North Bengal State Transport Corporation
- Founded: 1960; 66 years ago
- Headquarters: Paribahan Bhavan, Sagar Dighi West, Coochbehar-736101
- Service area: West Bengal, Assam, Sikkim, Bihar and Jharkhand
- Service type: Bus transport network
- Routes: 459
- Depots: 21
- Fleet: 650+ in service
- Daily ridership: 100,000+
- Annual ridership: 1.2 million+
- Fuel type: Diesel fuel
- Operator: Government of West Bengal
- Chief executive: Partha Pratim Ray (Chairman); Dipankar Piplai (Managing Director);
- Website: nbstc.in

= North Bengal State Transport Corporation =

Transport company in West Bengal, India

North Bengal State Transport Corporation (NBSTC) is a state government run transport corporation in West Bengal, India.
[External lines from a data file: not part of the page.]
(* Let $k\in\mathbb C$ with $\Re(k)<0$ and $\delta>0$. Let $f:\mathbb Q\to\mathbb C$ satisfy $f(x)=f(x+1)$ for $x\in\mathbb Q\setminus[-1,0]$, and let $h:\mathbb R\setminus\{0\}\to\mathbb C$ satisfy $h(x)=f(x)-|x|^{-k}f(-1/x)$ for $x\in\mathbb Q\cap([-1,1]\setminus\{0\})$, together with $$\sup_{\substack{x,y\in\mathbb R\setminus\{0\}\\ |x-y|<e^{-\varepsilon^{\delta-1}},\ |x|>2\varepsilon}}|h(x)-h(y)|=o(1)\quad(\varepsilon\to0^+),\qquad h(x)=O\big(e^{|x|^{\delta-1}}\big)\ \ (x\in[-1,1]\setminus\{0\}).$$ Then $f$ has property $\mathscr S(1+\delta)$.
   Context: For $x\in\mathbb R$ write $x=[b_0(x);b_1(x),\dots]$; $r(x)$ is the length of the minimal expansion for rational $x$, $r(x)=\infty$ otherwise. $\mathfrak T(B):=\{x\colon b_j(x)\leq\max(B,j(\log j)^2)\ \forall 1\leq j\leq r(x)\}$. For $x\in\mathfrak T(B)$, $V(B,m,x):=\{x'\in\mathbb Q\cap\mathfrak T(B)\colon r(x')\geq m,\ b_j(x')=b_j(x)\ \forall j\leq m\}$. Property $\mathscr S(\lambda)$: $\sup_{x\in\mathfrak T(m^\lambda)}\sup_{x',x''\in V(m^\lambda,m,x)}|f(x')-f(x'')|\to0$ as $m\to\infty$. *)

theory Defs
  imports "HOL-Analysis.Analysis" "HOL-Library.Extended_Nat"
begin

fun cf_rem :: "real \<Rightarrow> nat \<Rightarrow> real" where
  "cf_rem x 0 = frac x"
| "cf_rem x (Suc j) = (if cf_rem x j = 0 then 0 else frac (1 / cf_rem x j))"

text \<open>b_j(x): b_0 = floor x, b_{j+1} = floor (1/t_j) (only meaningful for j+1 \<le> r(x)).\<close>
fun cf_digit :: "nat \<Rightarrow> real \<Rightarrow> int" where
  "cf_digit 0 x = \<lfloor>x\<rfloor>"
| "cf_digit (Suc j) x = \<lfloor>1 / cf_rem x j\<rfloor>"

text \<open>r(x): length of the (minimal) expansion; infinity if it never terminates.\<close>
definition cf_len :: "real \<Rightarrow> enat" where
  "cf_len x = (if \<exists>j. cf_rem x j = 0 then enat (LEAST j. cf_rem x j = 0) else \<infinity>)"

definition cfT :: "real \<Rightarrow> real set" where
  "cfT B = {x. \<forall>j::nat. 1 \<le> j \<and> enat j \<le> cf_len x \<longrightarrow>
              real_of_int (cf_digit j x) \<le> max B (real j * (ln (real j))^2)}"

definition cfV :: "real \<Rightarrow> nat \<Rightarrow> real \<Rightarrow> real set" where
  "cfV B m x = {x'. x' \<in> \<rat> \<and> x' \<in> cfT B \<and> enat m \<le> cf_len x' \<and>
                    (\<forall>j\<le>m. cf_digit j x' = cf_digit j x)}"

text \<open>Property S(lambda): the supremum tends to 0 as m \<rightarrow> \<infinity>, written out with epsilons.\<close>
definition propS :: "real \<Rightarrow> (real \<Rightarrow> complex) \<Rightarrow> bool" where
  "propS lam f = (\<forall>e>0. \<forall>\<^sub>F m in sequentially.
      \<forall>x \<in> cfT (real m powr lam). \<forall>x' \<in> cfV (real m powr lam) m x. \<forall>x'' \<in> cfV (real m powr lam) m x.
        norm (f x' - f x'') \<le> e)"

end

theory Submission
  imports Defs "HOL-Real_Asymp.Real_Asymp"
begin

text \<open>Write a non-integral rational \<open>x\<close> as \<open>sgn x \<cdot> |x|\<close> and follow the Gauss-map orbit
  \<open>t\<^sub>0, t\<^sub>1, \<dots>\<close> of \<open>|x|\<close>; for \<open>x < 0\<close> this is the expansion of \<open>-x\<close>, whose digits are those of
  \<open>x\<close> up to a shift at the beginning. Periodicity and the functional equation give
  \<open>f (\<plusminus>t\<^sub>j) = h (\<plusminus>t\<^sub>j) + t\<^sub>j\<^sup>-\<^sup>k f (\<mp>t\<^sub>j\<^sub>+\<^sub>1)\<close>, so \<open>f x\<close> is a sum of values of \<open>h\<close> weighted by
  products of \<open>t\<^sub>i\<^sup>-\<^sup>k\<close>. Since \<open>t\<^sub>j t\<^sub>j\<^sub>+\<^sub>1 \<le> 1/2\<close>, these weights decay geometrically, while the digit
  bound \<open>m\<^sup>1\<^sup>+\<^sup>\<delta>\<close> keeps the \<open>t\<^sub>j\<close> away from \<open>0\<close>, so that the growth of \<open>h\<close> only contributes a
  subexponential factor. Two points with the same first \<open>m\<close> digits have remainders \<open>t\<^sub>j\<close> that
  agree up to \<open>2\<^sup>-\<^sup>(\<^sup>m\<^sup>-\<^sup>j\<^sup>)\<^sup>/\<^sup>2\<close>. Comparing the two sums over the first \<open>m/2\<close> steps, the values of
  \<open>h\<close> are close by the uniform continuity of \<open>h\<close> at scale \<open>exp (- \<epsilon>\<^sup>\<delta>\<^sup>-\<^sup>1)\<close> with
  \<open>\<epsilon> \<approx> m\<^sup>-\<^sup>1\<^sup>-\<^sup>\<delta>\<close>, the weights are close as well, and the remaining tails are exponentially
  small.\<close>

section \<open>Continued fraction remainders\<close>

declare cf_rem.simps(2)[simp del] cf_digit.simps(2)[simp del]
It plies buses mainly in North Bengal but operates services to other parts of West Bengal and neighboring states like Sikkim, Assam, and Bihar. The corporation runs premium long haul buses as well as local buses. It is one of the most favoured bus operators in West Bengal.

==Incidents==

- In Early October 2021, a NBSTC bus rammed into a standing truck in Murshidabad, killing 3 people and leaving 10 injured. Later the police concluded that the bus driver could not estimate that the truck was motionless and this caused the fatal crash.
- An incident took place in Alipurduar in October 2020, where a car collided with a NBSTC bus leaving 5 dead and 6 injured. As per police reports, both the vehicles were speeding when the accident took place. The car collided with the bus when it was in a sharp turn with high speed.
- A NBSTC bus fell into a deep canal in January 2018 killing 36 people. This incident occurred in Murshidabad. Few survivors claim that it was the driver's fault as he was speaking over his phone while driving.